** Dataset records **
:::::
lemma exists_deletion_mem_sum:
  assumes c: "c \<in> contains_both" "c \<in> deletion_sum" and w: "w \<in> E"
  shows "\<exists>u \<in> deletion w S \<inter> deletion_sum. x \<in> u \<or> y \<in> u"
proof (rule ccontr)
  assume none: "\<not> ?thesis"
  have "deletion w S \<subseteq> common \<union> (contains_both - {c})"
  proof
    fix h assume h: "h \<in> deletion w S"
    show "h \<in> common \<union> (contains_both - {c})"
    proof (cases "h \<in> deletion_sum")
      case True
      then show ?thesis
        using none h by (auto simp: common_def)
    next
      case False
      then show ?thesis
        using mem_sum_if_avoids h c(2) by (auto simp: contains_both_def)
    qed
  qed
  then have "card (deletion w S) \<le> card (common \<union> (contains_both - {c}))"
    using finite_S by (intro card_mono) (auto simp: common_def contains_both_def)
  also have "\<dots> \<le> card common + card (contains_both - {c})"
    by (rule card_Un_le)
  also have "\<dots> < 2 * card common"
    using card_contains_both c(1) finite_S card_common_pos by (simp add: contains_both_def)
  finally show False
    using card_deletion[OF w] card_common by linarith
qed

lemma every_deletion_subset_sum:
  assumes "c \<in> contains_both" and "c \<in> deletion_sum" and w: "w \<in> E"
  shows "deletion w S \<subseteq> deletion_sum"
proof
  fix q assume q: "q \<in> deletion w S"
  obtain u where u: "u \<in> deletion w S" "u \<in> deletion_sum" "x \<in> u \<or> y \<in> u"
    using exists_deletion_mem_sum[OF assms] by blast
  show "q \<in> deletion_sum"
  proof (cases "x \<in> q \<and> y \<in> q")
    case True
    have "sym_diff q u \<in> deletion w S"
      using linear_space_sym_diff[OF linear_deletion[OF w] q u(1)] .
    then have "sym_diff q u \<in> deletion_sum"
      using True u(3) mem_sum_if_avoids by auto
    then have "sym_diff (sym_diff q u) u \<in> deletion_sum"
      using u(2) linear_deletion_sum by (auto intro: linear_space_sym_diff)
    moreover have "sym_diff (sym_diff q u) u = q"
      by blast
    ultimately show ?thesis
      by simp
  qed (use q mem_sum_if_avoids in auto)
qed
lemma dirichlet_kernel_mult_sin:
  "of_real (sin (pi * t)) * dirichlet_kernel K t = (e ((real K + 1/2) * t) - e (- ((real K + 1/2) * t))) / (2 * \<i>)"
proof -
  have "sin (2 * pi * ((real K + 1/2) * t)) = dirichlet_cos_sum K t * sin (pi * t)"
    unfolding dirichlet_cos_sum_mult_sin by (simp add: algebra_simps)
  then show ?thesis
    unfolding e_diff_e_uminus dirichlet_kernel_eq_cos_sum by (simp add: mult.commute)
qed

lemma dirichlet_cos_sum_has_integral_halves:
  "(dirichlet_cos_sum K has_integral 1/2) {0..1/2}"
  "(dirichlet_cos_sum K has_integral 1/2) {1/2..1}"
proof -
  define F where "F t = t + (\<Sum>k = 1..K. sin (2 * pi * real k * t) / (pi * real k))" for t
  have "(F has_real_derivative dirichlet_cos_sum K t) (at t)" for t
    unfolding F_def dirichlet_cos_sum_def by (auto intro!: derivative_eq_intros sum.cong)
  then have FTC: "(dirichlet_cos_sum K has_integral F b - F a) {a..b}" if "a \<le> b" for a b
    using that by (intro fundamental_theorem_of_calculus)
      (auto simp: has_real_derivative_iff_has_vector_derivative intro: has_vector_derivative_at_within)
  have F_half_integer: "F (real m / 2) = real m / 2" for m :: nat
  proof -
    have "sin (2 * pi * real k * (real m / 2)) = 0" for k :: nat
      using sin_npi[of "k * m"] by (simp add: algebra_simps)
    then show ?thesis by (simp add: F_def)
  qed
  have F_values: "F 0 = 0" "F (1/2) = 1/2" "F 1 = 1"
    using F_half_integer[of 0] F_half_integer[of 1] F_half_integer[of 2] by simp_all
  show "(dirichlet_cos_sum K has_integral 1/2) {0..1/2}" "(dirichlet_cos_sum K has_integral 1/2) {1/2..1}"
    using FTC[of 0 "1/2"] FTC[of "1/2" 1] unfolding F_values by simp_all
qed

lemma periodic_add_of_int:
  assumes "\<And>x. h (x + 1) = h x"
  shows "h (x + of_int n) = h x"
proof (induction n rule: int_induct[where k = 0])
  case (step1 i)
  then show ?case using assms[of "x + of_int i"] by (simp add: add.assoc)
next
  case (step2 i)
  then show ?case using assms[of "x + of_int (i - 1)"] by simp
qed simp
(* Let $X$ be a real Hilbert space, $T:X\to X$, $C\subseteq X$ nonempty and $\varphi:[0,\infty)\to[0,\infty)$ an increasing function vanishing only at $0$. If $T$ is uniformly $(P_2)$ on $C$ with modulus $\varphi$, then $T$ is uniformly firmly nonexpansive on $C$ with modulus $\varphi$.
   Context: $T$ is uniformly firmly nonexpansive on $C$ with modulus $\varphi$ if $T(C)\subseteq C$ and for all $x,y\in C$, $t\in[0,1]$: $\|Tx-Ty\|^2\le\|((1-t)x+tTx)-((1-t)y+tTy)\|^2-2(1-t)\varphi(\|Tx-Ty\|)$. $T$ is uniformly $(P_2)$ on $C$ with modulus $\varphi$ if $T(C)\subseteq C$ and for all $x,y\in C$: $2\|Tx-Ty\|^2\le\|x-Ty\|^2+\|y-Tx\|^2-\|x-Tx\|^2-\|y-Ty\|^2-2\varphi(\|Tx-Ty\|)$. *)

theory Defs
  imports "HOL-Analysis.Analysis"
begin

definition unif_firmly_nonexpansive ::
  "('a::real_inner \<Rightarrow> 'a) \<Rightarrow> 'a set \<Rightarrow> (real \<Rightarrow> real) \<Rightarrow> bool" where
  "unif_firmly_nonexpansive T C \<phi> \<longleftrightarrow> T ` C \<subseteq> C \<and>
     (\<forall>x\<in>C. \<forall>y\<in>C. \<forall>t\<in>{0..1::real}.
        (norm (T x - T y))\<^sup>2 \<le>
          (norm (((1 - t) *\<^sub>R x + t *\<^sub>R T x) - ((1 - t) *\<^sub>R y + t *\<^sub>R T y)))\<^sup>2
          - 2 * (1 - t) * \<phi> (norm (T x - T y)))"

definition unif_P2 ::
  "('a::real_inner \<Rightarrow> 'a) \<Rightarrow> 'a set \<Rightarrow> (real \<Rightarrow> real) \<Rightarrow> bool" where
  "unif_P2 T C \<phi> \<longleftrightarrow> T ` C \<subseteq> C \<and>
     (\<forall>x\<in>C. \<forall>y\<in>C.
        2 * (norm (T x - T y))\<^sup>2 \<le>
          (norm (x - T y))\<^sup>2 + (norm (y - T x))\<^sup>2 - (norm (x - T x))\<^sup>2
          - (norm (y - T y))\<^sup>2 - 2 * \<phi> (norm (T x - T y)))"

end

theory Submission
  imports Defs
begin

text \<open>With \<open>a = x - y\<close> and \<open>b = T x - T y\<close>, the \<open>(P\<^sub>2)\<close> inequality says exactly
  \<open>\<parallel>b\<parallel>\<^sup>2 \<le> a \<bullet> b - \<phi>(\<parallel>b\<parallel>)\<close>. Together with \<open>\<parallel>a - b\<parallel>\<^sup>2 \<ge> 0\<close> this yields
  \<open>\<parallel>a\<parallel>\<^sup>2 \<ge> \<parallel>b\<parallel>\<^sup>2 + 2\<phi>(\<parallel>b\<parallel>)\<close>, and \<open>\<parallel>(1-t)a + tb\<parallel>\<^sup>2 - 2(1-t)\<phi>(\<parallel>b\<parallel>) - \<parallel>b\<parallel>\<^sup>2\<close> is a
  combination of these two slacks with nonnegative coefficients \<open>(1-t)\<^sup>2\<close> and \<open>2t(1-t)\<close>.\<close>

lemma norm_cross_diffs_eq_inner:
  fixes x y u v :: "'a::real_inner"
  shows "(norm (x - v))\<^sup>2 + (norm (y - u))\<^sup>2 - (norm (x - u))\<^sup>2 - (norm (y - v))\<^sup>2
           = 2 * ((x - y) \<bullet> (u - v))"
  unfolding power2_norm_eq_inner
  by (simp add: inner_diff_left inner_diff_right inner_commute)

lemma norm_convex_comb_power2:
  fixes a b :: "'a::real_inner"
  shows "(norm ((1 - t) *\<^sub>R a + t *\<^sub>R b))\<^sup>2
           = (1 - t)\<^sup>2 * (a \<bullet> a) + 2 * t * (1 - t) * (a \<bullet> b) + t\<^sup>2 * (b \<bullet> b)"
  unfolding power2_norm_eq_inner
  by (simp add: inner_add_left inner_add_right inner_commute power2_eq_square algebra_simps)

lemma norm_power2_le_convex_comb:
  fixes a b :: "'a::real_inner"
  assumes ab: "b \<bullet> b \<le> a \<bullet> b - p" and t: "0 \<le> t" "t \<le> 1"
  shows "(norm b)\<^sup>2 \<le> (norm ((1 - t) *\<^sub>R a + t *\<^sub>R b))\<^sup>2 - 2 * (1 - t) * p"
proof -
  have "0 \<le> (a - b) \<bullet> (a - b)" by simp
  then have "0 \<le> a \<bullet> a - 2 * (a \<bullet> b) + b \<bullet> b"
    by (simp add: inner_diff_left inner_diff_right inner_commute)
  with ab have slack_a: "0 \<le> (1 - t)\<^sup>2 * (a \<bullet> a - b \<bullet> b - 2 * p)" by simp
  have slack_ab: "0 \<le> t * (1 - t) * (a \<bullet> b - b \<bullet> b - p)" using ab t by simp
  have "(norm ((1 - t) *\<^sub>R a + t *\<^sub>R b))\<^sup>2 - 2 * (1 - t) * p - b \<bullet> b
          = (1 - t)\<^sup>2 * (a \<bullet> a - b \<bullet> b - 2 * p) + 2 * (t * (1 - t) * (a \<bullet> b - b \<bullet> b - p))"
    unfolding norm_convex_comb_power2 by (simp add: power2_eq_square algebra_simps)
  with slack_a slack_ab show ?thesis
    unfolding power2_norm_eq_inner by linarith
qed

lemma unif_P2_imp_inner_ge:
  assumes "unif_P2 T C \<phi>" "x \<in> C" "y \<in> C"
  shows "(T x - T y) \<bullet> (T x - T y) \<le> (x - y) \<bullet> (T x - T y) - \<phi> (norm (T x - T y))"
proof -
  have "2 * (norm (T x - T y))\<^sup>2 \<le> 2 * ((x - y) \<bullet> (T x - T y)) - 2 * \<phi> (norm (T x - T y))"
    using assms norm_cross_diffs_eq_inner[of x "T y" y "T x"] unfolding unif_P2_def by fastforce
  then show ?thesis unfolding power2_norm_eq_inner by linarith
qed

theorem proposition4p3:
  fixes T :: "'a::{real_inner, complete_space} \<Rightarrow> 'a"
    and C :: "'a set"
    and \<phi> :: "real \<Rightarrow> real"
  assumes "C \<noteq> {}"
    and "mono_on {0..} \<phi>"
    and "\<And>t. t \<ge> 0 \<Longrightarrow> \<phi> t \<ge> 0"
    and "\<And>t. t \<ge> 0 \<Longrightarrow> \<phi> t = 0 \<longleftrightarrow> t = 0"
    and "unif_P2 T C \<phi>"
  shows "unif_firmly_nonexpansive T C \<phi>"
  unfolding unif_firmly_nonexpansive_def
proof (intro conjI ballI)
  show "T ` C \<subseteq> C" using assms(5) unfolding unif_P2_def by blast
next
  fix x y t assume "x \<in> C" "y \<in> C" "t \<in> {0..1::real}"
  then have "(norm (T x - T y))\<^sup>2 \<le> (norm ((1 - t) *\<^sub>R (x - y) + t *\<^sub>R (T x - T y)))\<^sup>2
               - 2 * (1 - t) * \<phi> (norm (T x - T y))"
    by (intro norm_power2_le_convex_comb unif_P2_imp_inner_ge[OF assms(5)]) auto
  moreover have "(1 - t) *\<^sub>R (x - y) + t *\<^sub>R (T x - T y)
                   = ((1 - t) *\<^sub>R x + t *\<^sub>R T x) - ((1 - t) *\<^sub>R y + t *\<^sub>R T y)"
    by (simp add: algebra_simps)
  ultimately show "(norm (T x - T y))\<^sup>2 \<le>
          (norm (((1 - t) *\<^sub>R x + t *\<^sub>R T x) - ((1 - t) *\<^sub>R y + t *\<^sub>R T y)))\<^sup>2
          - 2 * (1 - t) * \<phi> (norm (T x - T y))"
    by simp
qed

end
:::::
** Task item **
Go through the data and gather every line that holds "close".

** Exercise solution **
text \<open>With \<open>a = x - y\<close> and \<open>b = T x - T y\<close>, the \<open>(P\<^sub>2)\<close> inequality says exactly
  \<open>\<parallel>b\<parallel>\<^sup>2 \<le> a \<bullet> b - \<phi>(\<parallel>b\<parallel>)\<close>. Together with \<open>\<parallel>a - b\<parallel>\<^sup>2 \<ge> 0\<close> this yields
  \<open>\<parallel>a\<parallel>\<^sup>2 \<ge> \<parallel>b\<parallel>\<^sup>2 + 2\<phi>(\<parallel>b\<parallel>)\<close>, and \<open>\<parallel>(1-t)a + tb\<parallel>\<^sup>2 - 2(1-t)\<phi>(\<parallel>b\<parallel>) - \<parallel>b\<parallel>\<^sup>2\<close> is a
  combination of these two slacks with nonnegative coefficients \<open>(1-t)\<^sup>2\<close> and \<open>2t(1-t)\<close>.\<close>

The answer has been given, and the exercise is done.